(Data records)

■ ■ ■ ■ ■ ■ ■

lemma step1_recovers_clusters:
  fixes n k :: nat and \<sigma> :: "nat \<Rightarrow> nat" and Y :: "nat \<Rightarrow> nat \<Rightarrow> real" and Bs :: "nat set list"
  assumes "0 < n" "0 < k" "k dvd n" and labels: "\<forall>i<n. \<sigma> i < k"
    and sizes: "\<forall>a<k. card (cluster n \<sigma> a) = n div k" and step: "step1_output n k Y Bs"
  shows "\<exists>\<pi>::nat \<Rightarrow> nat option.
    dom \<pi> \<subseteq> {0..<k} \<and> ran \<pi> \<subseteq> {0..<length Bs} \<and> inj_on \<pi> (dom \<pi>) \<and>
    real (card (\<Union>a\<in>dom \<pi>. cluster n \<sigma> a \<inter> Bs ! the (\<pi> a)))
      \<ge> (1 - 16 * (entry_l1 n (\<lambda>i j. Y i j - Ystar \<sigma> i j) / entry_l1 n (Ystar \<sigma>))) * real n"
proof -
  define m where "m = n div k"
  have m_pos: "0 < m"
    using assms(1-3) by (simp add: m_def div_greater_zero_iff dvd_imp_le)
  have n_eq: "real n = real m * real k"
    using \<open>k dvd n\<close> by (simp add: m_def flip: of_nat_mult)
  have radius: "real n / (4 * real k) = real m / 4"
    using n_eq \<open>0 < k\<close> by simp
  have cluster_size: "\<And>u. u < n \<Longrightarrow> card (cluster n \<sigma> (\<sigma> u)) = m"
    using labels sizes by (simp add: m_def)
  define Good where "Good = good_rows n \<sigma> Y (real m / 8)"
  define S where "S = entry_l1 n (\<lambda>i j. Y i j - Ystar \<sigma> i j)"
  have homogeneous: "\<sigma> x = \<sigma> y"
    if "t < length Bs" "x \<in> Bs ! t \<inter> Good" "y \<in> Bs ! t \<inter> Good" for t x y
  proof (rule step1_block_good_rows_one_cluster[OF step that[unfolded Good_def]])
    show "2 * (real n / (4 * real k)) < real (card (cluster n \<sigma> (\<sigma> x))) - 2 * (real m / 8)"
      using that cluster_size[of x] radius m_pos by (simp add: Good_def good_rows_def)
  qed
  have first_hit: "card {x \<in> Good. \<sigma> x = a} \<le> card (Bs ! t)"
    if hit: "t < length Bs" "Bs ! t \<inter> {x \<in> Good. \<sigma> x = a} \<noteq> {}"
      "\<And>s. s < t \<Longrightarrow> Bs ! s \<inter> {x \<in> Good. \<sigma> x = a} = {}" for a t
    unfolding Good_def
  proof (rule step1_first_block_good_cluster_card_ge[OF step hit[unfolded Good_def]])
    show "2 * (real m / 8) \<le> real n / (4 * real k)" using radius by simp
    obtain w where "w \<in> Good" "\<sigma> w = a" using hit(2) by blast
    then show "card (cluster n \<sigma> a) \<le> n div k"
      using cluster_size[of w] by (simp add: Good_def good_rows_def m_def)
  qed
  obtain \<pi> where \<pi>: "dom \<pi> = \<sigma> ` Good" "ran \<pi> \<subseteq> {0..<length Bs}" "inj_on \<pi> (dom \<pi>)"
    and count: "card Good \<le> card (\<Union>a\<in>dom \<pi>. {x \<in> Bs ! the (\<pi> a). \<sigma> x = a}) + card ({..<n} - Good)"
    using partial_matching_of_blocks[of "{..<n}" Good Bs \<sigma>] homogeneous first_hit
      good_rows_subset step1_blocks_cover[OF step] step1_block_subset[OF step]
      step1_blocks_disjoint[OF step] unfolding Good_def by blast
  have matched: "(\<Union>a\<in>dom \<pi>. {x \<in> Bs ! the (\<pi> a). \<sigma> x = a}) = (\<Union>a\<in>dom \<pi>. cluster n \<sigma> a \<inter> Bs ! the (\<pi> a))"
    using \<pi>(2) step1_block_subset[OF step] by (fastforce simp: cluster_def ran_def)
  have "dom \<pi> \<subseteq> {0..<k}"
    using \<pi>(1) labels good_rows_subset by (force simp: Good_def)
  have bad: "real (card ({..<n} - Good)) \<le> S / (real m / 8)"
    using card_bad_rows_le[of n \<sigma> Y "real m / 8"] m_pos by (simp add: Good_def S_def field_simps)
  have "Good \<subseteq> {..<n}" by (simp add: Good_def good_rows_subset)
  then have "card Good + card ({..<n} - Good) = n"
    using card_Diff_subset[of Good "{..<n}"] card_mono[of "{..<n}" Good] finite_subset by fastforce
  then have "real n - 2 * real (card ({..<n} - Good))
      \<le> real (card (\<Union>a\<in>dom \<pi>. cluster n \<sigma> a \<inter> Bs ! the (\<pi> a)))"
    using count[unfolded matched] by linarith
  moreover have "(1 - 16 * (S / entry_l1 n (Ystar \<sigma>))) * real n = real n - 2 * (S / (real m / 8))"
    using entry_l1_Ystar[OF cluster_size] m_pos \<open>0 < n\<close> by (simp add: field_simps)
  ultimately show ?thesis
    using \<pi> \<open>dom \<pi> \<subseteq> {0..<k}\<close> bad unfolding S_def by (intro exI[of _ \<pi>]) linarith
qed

■ ■ ■ ■ ■ ■ ■

### What to do:
Could you filter the entries above for lines holding the string "obtain" and copy them?

### Answer to this problem:
    obtain w where "w \<in> Good" "\<sigma> w = a" using hit(2) by blast
  obtain \<pi> where \<pi>: "dom \<pi> = \<sigma> ` Good" "ran \<pi> \<subseteq> {0..<length Bs}" "inj_on \<pi> (dom \<pi>)"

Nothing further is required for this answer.